The White House’s Office of Science and Technology Policy released a report Wednesday detailing its accomplishments during the first year of the Trump administration and celebrating “the tremendous S&T achievements by the Trump Administration to date.”
“The Trump Administration is committed to advancing technological development and conducting research and development (R&D) to ensure national security, grow the economy, create well-paying jobs, and improve the lives of Americans across this great nation,” the 12-page report states.
Among the achievements are various developments in artificial intelligence and autonomy, biomedical innovation, government IT modernization, opioid epidemic response, STEM education and more.
For example, removing barriers to testing and integrating drones was a key piece of Trump’s tech policy in year one. One of the first events OSTP hosted was a forum on drones and other emerging tech during the White House’s “tech week” in July. Then, in October, Trump signed a presidential memorandum aimed at encouraging the FAA to streamline the drone testing process.
The president also set up the Office of American Innovation and the American Technology Council, two internal bodies tasked with providing executive leadership to the ongoing government IT modernization saga. The OSTP report takes care to note that President Trump signed the Modernizing Government Technology Act into law and mentions the General Services Administration’s forthcoming IT centers of excellence as well.
On the issue of STEM education, the report cites a presidential memorandum from September that directs the secretary of education to “prioritize high-quality STEM and computer science education when awarding competitive grant funding.”
The report touts the administration’s commitment to science and technology based on its federal research and development budget requests.
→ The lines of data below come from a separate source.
lemma excess_bound_edge_insertion:
  fixes \<epsilon> p q \<delta> L L' D k :: real
  assumes "0 \<le> \<epsilon>" "\<epsilon> \<le> 1/2" "p + q = 1" "0 < q" "0 \<le> \<delta>"
    and "(p + 2 * \<epsilon>) * \<delta> < L'" "L' \<le> L" "(1 - \<epsilon>) * L \<le> D" "(1 - \<epsilon>) * k \<le> \<delta>"
  shows "k - D < (q + 2 * \<epsilon>) * \<delta>"
proof -
  have q: "q = 1 - p" using assms(3) by simp
  have "(1 - \<epsilon>) * ((1 - \<epsilon>) * ((p + 2 * \<epsilon>) * \<delta>)) < (1 - \<epsilon>) * D"
  proof -
    have "(1 - \<epsilon>) * ((p + 2 * \<epsilon>) * \<delta>) < (1 - \<epsilon>) * L"
      using assms by (intro mult_strict_left_mono) auto
    then have "(1 - \<epsilon>) * ((p + 2 * \<epsilon>) * \<delta>) < D" using assms(8) by linarith
    then show ?thesis using assms(2) by (intro mult_strict_left_mono) auto
  qed
  have "1 \<le> (1 - \<epsilon>) * (4 - p - 2 * \<epsilon>)"
    using assms mult_mono[of "1/2" "1 - \<epsilon>" 2 "4 - p - 2 * \<epsilon>"] by simp
  then have "0 \<le> \<epsilon> * ((1 - \<epsilon>) * (4 - p - 2 * \<epsilon>) - 1) * \<delta>"
    using assms by simp
  moreover have "(1 - \<epsilon>) * ((q + 2 * \<epsilon>) * \<delta>)
      = \<delta> - (1 - \<epsilon>) * ((1 - \<epsilon>) * ((p + 2 * \<epsilon>) * \<delta>))
        + \<epsilon> * ((1 - \<epsilon>) * (4 - p - 2 * \<epsilon>) - 1) * \<delta>"
    unfolding q by (simp add: algebra_simps)
  ultimately have "\<delta> - (1 - \<epsilon>) * ((1 - \<epsilon>) * ((p + 2 * \<epsilon>) * \<delta>)) \<le> (1 - \<epsilon>) * ((q + 2 * \<epsilon>) * \<delta>)"
    by linarith
  moreover have "(1 - \<epsilon>) * (k - D) = (1 - \<epsilon>) * k - (1 - \<epsilon>) * D"
    by (simp add: algebra_simps)
  ultimately have "(1 - \<epsilon>) * (k - D) < (1 - \<epsilon>) * ((q + 2 * \<epsilon>) * \<delta>)"
    using assms(9) \<open>_ < (1 - \<epsilon>) * D\<close> by linarith
  then show ?thesis using assms(2) by simp
qed

lemma gdist_to_N_in_bound_edge_deletion:
  assumes G: "finite V" "E0 \<subseteq> V \<times> V" "strongly_connected V E0" "strongly_connected V E1"
    and sub: "E1 \<subseteq> E0" and a: "a \<in> V" and S2: "is_N_in V E0 a l S2"
    and S1: "S1 \<subseteq> V" and s: "s \<in> S1" "s \<in> S2"
    and eps: "0 \<le> \<epsilon>" "\<epsilon> \<le> 1/2" and pq: "p + q = 1" "0 < q"
    and far: "(p + 2 * \<epsilon>) * real (inecc V E1 a) < real (ecc_from_set V E1 S1)"
    and ecc: "real (ecc_from_set V E1 S1) \<le> real (ecc_from_set V E0 S1) * (1 + \<epsilon>)"
    and dist_a: "(1 - \<epsilon>) * real (ecc_from_set V E0 S1) \<le> real (gdist_from_set E0 S1 a)"
    and y: "y \<in> V"
  shows "int (gdist_to_set E1 y S2) \<le> \<lceil>(q + 2 * \<epsilon>) * real (inecc V E1 a)\<rceil>"
proof -
  have "finite S1" using G(1) S1 by (rule finite_subset[rotated])
  have reach: "(s, a) \<in> E0\<^sup>*" "(y, a) \<in> E1\<^sup>*"
    using G(3,4) a S1 s(1) y unfolding strongly_connected_def by blast+
  have "gdist_from_set E0 S1 a \<le> gdist E0 s a"
    using \<open>finite S1\<close> s(1) by (rule gdist_from_set_le)
  then have "(1 - \<epsilon>) * real (ecc_from_set V E0 S1) \<le> real (gdist E0 s a)"
    using dist_a by linarith
  moreover have "real (gdist E1 y a) \<le> real (inecc V E1 a)"
    using gdist_le_inecc[OF G(1) y] by simp
  ultimately have "real (gdist E1 y a) - real (gdist E0 s a) < (q + 2 * \<epsilon>) * real (inecc V E1 a)"
    using excess_bound_edge_deletion[OF eps pq _ far ecc] by simp
  then show ?thesis
    using gdist_to_N_in_le_ceiling[OF G(1,2) S2 s(2) reach(1) sub subset_refl y relpow_gdist[OF reach(2)]]
      eps pq(2) by simp
qed

lemma gdist_to_N_in_bound_edge_insertion:
  assumes G: "finite V" "E0 \<subseteq> V \<times> V" "strongly_connected V E0"
    and sub: "E0 \<subseteq> E1" and a: "a \<in> V" and S2: "is_N_in V E0 a l S2"
    and S1: "S1 \<subseteq> V" and s: "s \<in> S1" "s \<in> S2"
    and eps: "0 \<le> \<epsilon>" "\<epsilon> \<le> 1/2" and pq: "p + q = 1" "0 < q"
    and far: "(p + 2 * \<epsilon>) * real (inecc V E1 a) < real (ecc_from_set V E1 S1)"
    and dist_a: "real (ecc_from_set V E0 S1) * (1 - \<epsilon>) \<le> real (gdist_from_set E1 S1 a)"
    and inecc: "(1 - \<epsilon>) * real (inecc V E0 a) \<le> real (inecc V E1 a)"
    and y: "y \<in> V"
  shows "int (gdist_to_set E1 y S2) \<le> \<lceil>(q + 2 * \<epsilon>) * real (inecc V E1 a)\<rceil>"
proof -
  have "finite S1" using G(1) S1 by (rule finite_subset[rotated])
  have reach: "(s, a) \<in> E0\<^sup>*" "(y, a) \<in> E0\<^sup>*"
    using G(3) a S1 s(1) y unfolding strongly_connected_def by blast+
  have ecc: "ecc_from_set V E1 S1 \<le> ecc_from_set V E0 S1"
    using ecc_from_set_antimono[OF G(1) _ G(3) sub S1] a s(1) by blast
  have "gdist_from_set E1 S1 a \<le> gdist E1 s a"
    using \<open>finite S1\<close> s(1) by (rule gdist_from_set_le)
  also have "\<dots> \<le> gdist E0 s a"
    using sub reach(1) by (rule gdist_antimono)
  finally have "(1 - \<epsilon>) * real (ecc_from_set V E0 S1) \<le> real (gdist E0 s a)"
    using dist_a by (simp add: mult.commute)
  moreover have "(1 - \<epsilon>) * real (gdist E0 y a) \<le> (1 - \<epsilon>) * real (inecc V E0 a)"
    using gdist_le_inecc[OF G(1) y] eps(2) by (intro mult_left_mono) auto
  then have "(1 - \<epsilon>) * real (gdist E0 y a) \<le> real (inecc V E1 a)"
    using inecc by linarith
  ultimately have "real (gdist E0 y a) - real (gdist E0 s a) < (q + 2 * \<epsilon>) * real (inecc V E1 a)"
    using excess_bound_edge_insertion[OF eps pq _ far, where L = "ecc_from_set V E0 S1"] ecc by simp
  then show ?thesis
    using gdist_to_N_in_le_ceiling[OF G(1,2) S2 s(2) reach(1) subset_refl sub y relpow_gdist[OF reach(2)]]
      eps pq(2) by simp
qed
While it is true that the president has requested an increased amount for R&D, it is also worth noting that in the fiscal 2019 request not all federal agencies are equal winners, and some, like the National Institute of Standards and Technology, could even take a cut should the budget be passed as-is.
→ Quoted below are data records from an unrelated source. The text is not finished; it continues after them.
lemma distinct_tuples_open_contains_disjoint_box:
  assumes "Hausdorff_space X" "openin (distinct_tuples X d) \<U>" "x \<in> \<U>"
  obtains U where "\<And>i. i < d \<Longrightarrow> openin X (U i) \<and> x i \<in> U i"
    and "\<And>i j. i < d \<Longrightarrow> j < d \<Longrightarrow> i \<noteq> j \<Longrightarrow> disjnt (U i) (U j)"
    and "(\<Pi>\<^sub>E i\<in>{..<d}. U i) \<subseteq> \<U>"
proof -
  obtain W where W: "openin (product_topology (\<lambda>_. X) {..<d}) W" "\<U> = W \<inter> {f. inj_on f {..<d}}"
    using assms(2) unfolding distinct_tuples_def openin_subtopology by blast
  have "x \<in> W" "inj_on x {..<d}"
    using assms(3) W(2) by auto
  obtain Y where Y: "x \<in> (\<Pi>\<^sub>E i\<in>{..<d}. Y i)" "\<And>i. openin X (Y i)" "(\<Pi>\<^sub>E i\<in>{..<d}. Y i) \<subseteq> W"
    using product_topology_open_contains_basis[OF W(1) \<open>x \<in> W\<close>] by blast
  have "\<exists>S T. openin X S \<and> openin X T \<and> x i \<in> S \<and> x j \<in> T \<and> disjnt S T"
    if "i < d" "j < d" "i \<noteq> j" for i j
  proof -
    have "x i \<in> topspace X" "x j \<in> topspace X"
      using Y(1,2) that openin_subset by (fastforce simp: PiE_iff)+
    moreover have "x i \<noteq> x j"
      using \<open>inj_on x {..<d}\<close> that by (auto simp: inj_on_def)
    ultimately show ?thesis
      using assms(1) unfolding Hausdorff_space_def by blast
  qed
  then obtain S T where ST: "\<And>i j. i < d \<Longrightarrow> j < d \<Longrightarrow> i \<noteq> j \<Longrightarrow>
      openin X (S i j) \<and> openin X (T i j) \<and> x i \<in> S i j \<and> x j \<in> T i j \<and> disjnt (S i j) (T i j)"
    by metis
  define U where "U i = Y i \<inter> (\<Inter>j \<in> {..<d} - {i}. S i j \<inter> T j i)" for i
  have U: "openin X (U i) \<and> x i \<in> U i" if "i < d" for i
    using ST Y that unfolding U_def by (auto intro!: openin_Int_Inter simp: PiE_iff)
  have disj: "disjnt (U i) (U j)" if "i < d" "j < d" "i \<noteq> j" for i j
  proof -
    have "U i \<subseteq> S i j" "U j \<subseteq> T i j"
      using that unfolding U_def by auto
    then show ?thesis
      using ST[OF that] disjnt_subset1 disjnt_subset2 by meson
  qed
  have "(\<Pi>\<^sub>E i\<in>{..<d}. U i) \<subseteq> \<U>"
  proof
    fix f assume f: "f \<in> (\<Pi>\<^sub>E i\<in>{..<d}. U i)"
    then have "f \<in> (\<Pi>\<^sub>E i\<in>{..<d}. Y i)"
      unfolding U_def by (auto simp: PiE_iff)
    then have "f \<in> W"
      using Y(3) by blast
    moreover have "inj_on f {..<d}"
      by (rule inj_on_if_pairwise_disjnt[where W = U]) (use f disj in auto)
    ultimately show "f \<in> \<U>"
      using W(2) by blast
  qed
  then show thesis
    using that U disj by blast
qed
The report also states that OSTP currently has a “robust” staff of over 50. However, after more than one year of the Trump administration, OSTP still lacks a director (or even a nomination for a director). Michael Kratsios, the office’s deputy CTO, continues to be a de-facto leader. The celebratory report, though, does not address this issue.
“OSTP looks forward to continuing to advocate for American scientists and technologists in the year ahead, and working together to ensure that the United States continues to lead the world in technological innovation and scientific discovery,” it concludes.